Темно. Так темно, что, кажется, само утро ещё спит. Выглянула в окно – плитки двора черны и влажны – видимо, дождь прошёл.
То-то спалось нынче, как на облачке. Или где-нибудь в Саянах, чуть выше трёх тысяч метров, где уже нет ни комаров, ни прочей таёжной гнуси, а трава зелена, как на альпийских лугах. До одурения.
И воздух напоён такими лесными настоями, какие только и бывают в горах на высоте, где лес уже позади, а до заснеженных гольцов ещё добрая пара километров.
А всего-то – дождь ночью прошёл.
Омыл декабрьский спящий Санкт-Петербург, освежил всё ещё зелёные газоны. И задышал Великий город свежестью далёких лесов и не загубленных глупыми людьми дворцовых парков.
Так же, как в то давнее летнее утро, когда жив был ещё попугай – зелёный наш Кирилл Владимирович. А я всё улыбалась, погруженная в своё горе, никого вокруг не видя и не вычленяя из общей шевелящейся биомассы, потому что всё ждала и ждала одного-единственного из тысяч и тысяч. А вдруг!..
А вдруг распахнётся дверь, и войдёт сын – красивый, загорелый, сверкающий, то ли от того, что любил море, как мало кто, то ли от счастья, которое всегда в нём огоньком светилось...

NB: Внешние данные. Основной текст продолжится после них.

(* A finite simple graph $G$ belongs to $\mathcal{G}_2$ if and only if $G$ has a family of cliques covering every edge of $G$ such that every clique in the family contains a simplicial vertex of $G$.
   Context: A finite topology $\tau$ on a finite set $X$ is a family of subsets of $X$ (the open sets) containing $\emptyset$ and $X$ and closed under unions and intersections. Distinct $x,y\in X$ are $T_2$-separated if there exist disjoint open sets $U_x\ni x$ and $U_y\ni y$. $G_2(\tau)$ is the simple graph with vertex set $X$ in which distinct $x,y$ are adjacent iff they are not $T_2$-separated; $\mathcal{G}_2$ is the class of graphs isomorphic to $G_2(\tau)$ for some finite topology $\tau$. A vertex $v$ of $G$ is simplicial if its closed neighborhood $N[v]$ induces a clique. *)

theory Defs
  imports Main
begin

definition finite_topology :: "'b set \<Rightarrow> 'b set set \<Rightarrow> bool" where
  "finite_topology X T \<longleftrightarrow> finite X \<and> T \<subseteq> Pow X \<and> {} \<in> T \<and> X \<in> T \<and>
     (\<forall>U\<in>T. \<forall>W\<in>T. U \<union> W \<in> T \<and> U \<inter> W \<in> T)"

definition T2_separated :: "'b set set \<Rightarrow> 'b \<Rightarrow> 'b \<Rightarrow> bool" where
  "T2_separated T x y \<longleftrightarrow> (\<exists>U\<in>T. \<exists>W\<in>T. x \<in> U \<and> y \<in> W \<and> U \<inter> W = {})"

definition G2_adj :: "'b set set \<Rightarrow> 'b \<Rightarrow> 'b \<Rightarrow> bool" where
  "G2_adj T x y \<longleftrightarrow> x \<noteq> y \<and> \<not> T2_separated T x y"

definition simple_graph :: "'a set \<Rightarrow> ('a \<Rightarrow> 'a \<Rightarrow> bool) \<Rightarrow> bool" where
  "simple_graph V E \<longleftrightarrow> finite V \<and> (\<forall>x y. E x y \<longrightarrow> x \<in> V \<and> y \<in> V) \<and>
     (\<forall>x y. E x y \<longrightarrow> E y x) \<and> (\<forall>x. \<not> E x x)"

definition graph_iso :: "'a set \<Rightarrow> ('a \<Rightarrow> 'a \<Rightarrow> bool) \<Rightarrow> 'b set \<Rightarrow> ('b \<Rightarrow> 'b \<Rightarrow> bool) \<Rightarrow> ('a \<Rightarrow> 'b) \<Rightarrow> bool" where
  "graph_iso V E W F f \<longleftrightarrow> bij_betw f V W \<and> (\<forall>x\<in>V. \<forall>y\<in>V. E x y \<longleftrightarrow> F (f x) (f y))"

text \<open>Every finite set is in bijection with a finite set of naturals,
  so taking X :: nat set loses no generality.\<close>
definition in_G2 :: "'a set \<Rightarrow> ('a \<Rightarrow> 'a \<Rightarrow> bool) \<Rightarrow> bool" where
  "in_G2 V E \<longleftrightarrow> (\<exists>(X::nat set) T f. finite_topology X T \<and> graph_iso V E X (G2_adj T) f)"

definition clique :: "'a set \<Rightarrow> ('a \<Rightarrow> 'a \<Rightarrow> bool) \<Rightarrow> 'a set \<Rightarrow> bool" where
  "clique V E K \<longleftrightarrow> K \<subseteq> V \<and> (\<forall>x\<in>K. \<forall>y\<in>K. x \<noteq> y \<longrightarrow> E x y)"

definition closed_nbhd :: "'a set \<Rightarrow> ('a \<Rightarrow> 'a \<Rightarrow> bool) \<Rightarrow> 'a \<Rightarrow> 'a set" where
  "closed_nbhd V E v = insert v {u \<in> V. E v u}"

definition simplicial :: "'a set \<Rightarrow> ('a \<Rightarrow> 'a \<Rightarrow> bool) \<Rightarrow> 'a \<Rightarrow> bool" where
  "simplicial V E v \<longleftrightarrow> v \<in> V \<and> clique V E (closed_nbhd V E v)"

end

(* In a finite topology every point a has a least open neighbourhood M a, and two points are
   T2-separated iff their least open neighbourhoods are disjoint.
   If G = G_2(T) and xy is an edge, the open set M x \<inter> M y contains a minimal nonempty open
   set; each of its points w satisfies M p = M w for all p \<in> M w, so the closed neighbourhood
   of w is {u. w \<in> M u}, a clique containing x and y with w simplicial.
   Conversely, let N x consist of x and the simplicial vertices adjacent to x. The sets N x are
   the least open neighbourhoods of an Alexandrov topology, and N x, N y meet iff x, y lie in a
   common closed neighbourhood of a simplicial vertex, i.e. iff xy is an edge by the hypothesis. *)
theory Submission
  imports Defs
begin

definition least_open_nbhd :: "'b set set \<Rightarrow> 'b \<Rightarrow> 'b set" where
  "least_open_nbhd T a = \<Inter>{U\<in>T. a \<in> U}"

lemma finite_topology_finite: "finite_topology X T \<Longrightarrow> finite T"
  unfolding finite_topology_def by (meson finite_Pow_iff finite_subset)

Я всё ждала, что он войдёт и окликнет меня:
– Здравствуй, ма! Вот я и дома…
И годы шли, и дни, и месяцы.
Однажды, правда, кто-то позвонил. Было около часу ночи. И сказал голосом сына:
– Здравствуй, ма!
Я трубку сжала, слова сказать не могу, в голос вслушиваюсь... Ни жива ни мертва.
А он говорит:
– Ма, ты что, ма? Это же я, ма!
Словно из омута рыбиной раненной, от дна ямы ледяной ногами неживыми оттолкнувшись, вынырнула.
– Ошиблись, – говорю голосом, каким никогда ни с кем не говорила прежде.
Замороженным, ледяным, отталкивающим – медленным мёртвым голосом – солнечному, весёлому, неповторимому: «Здравствуй, ма! Это я!» – говорю, как гвозди в гроб заколачиваю:
– Вы ошиблись...
И, себя не слыша, знаешь, так провода гудят – где-то высоко, и прислушаться надо, чтобы гул этот услышать, – медленно произношу:
– Успокойтесь. Наберите правильно номер...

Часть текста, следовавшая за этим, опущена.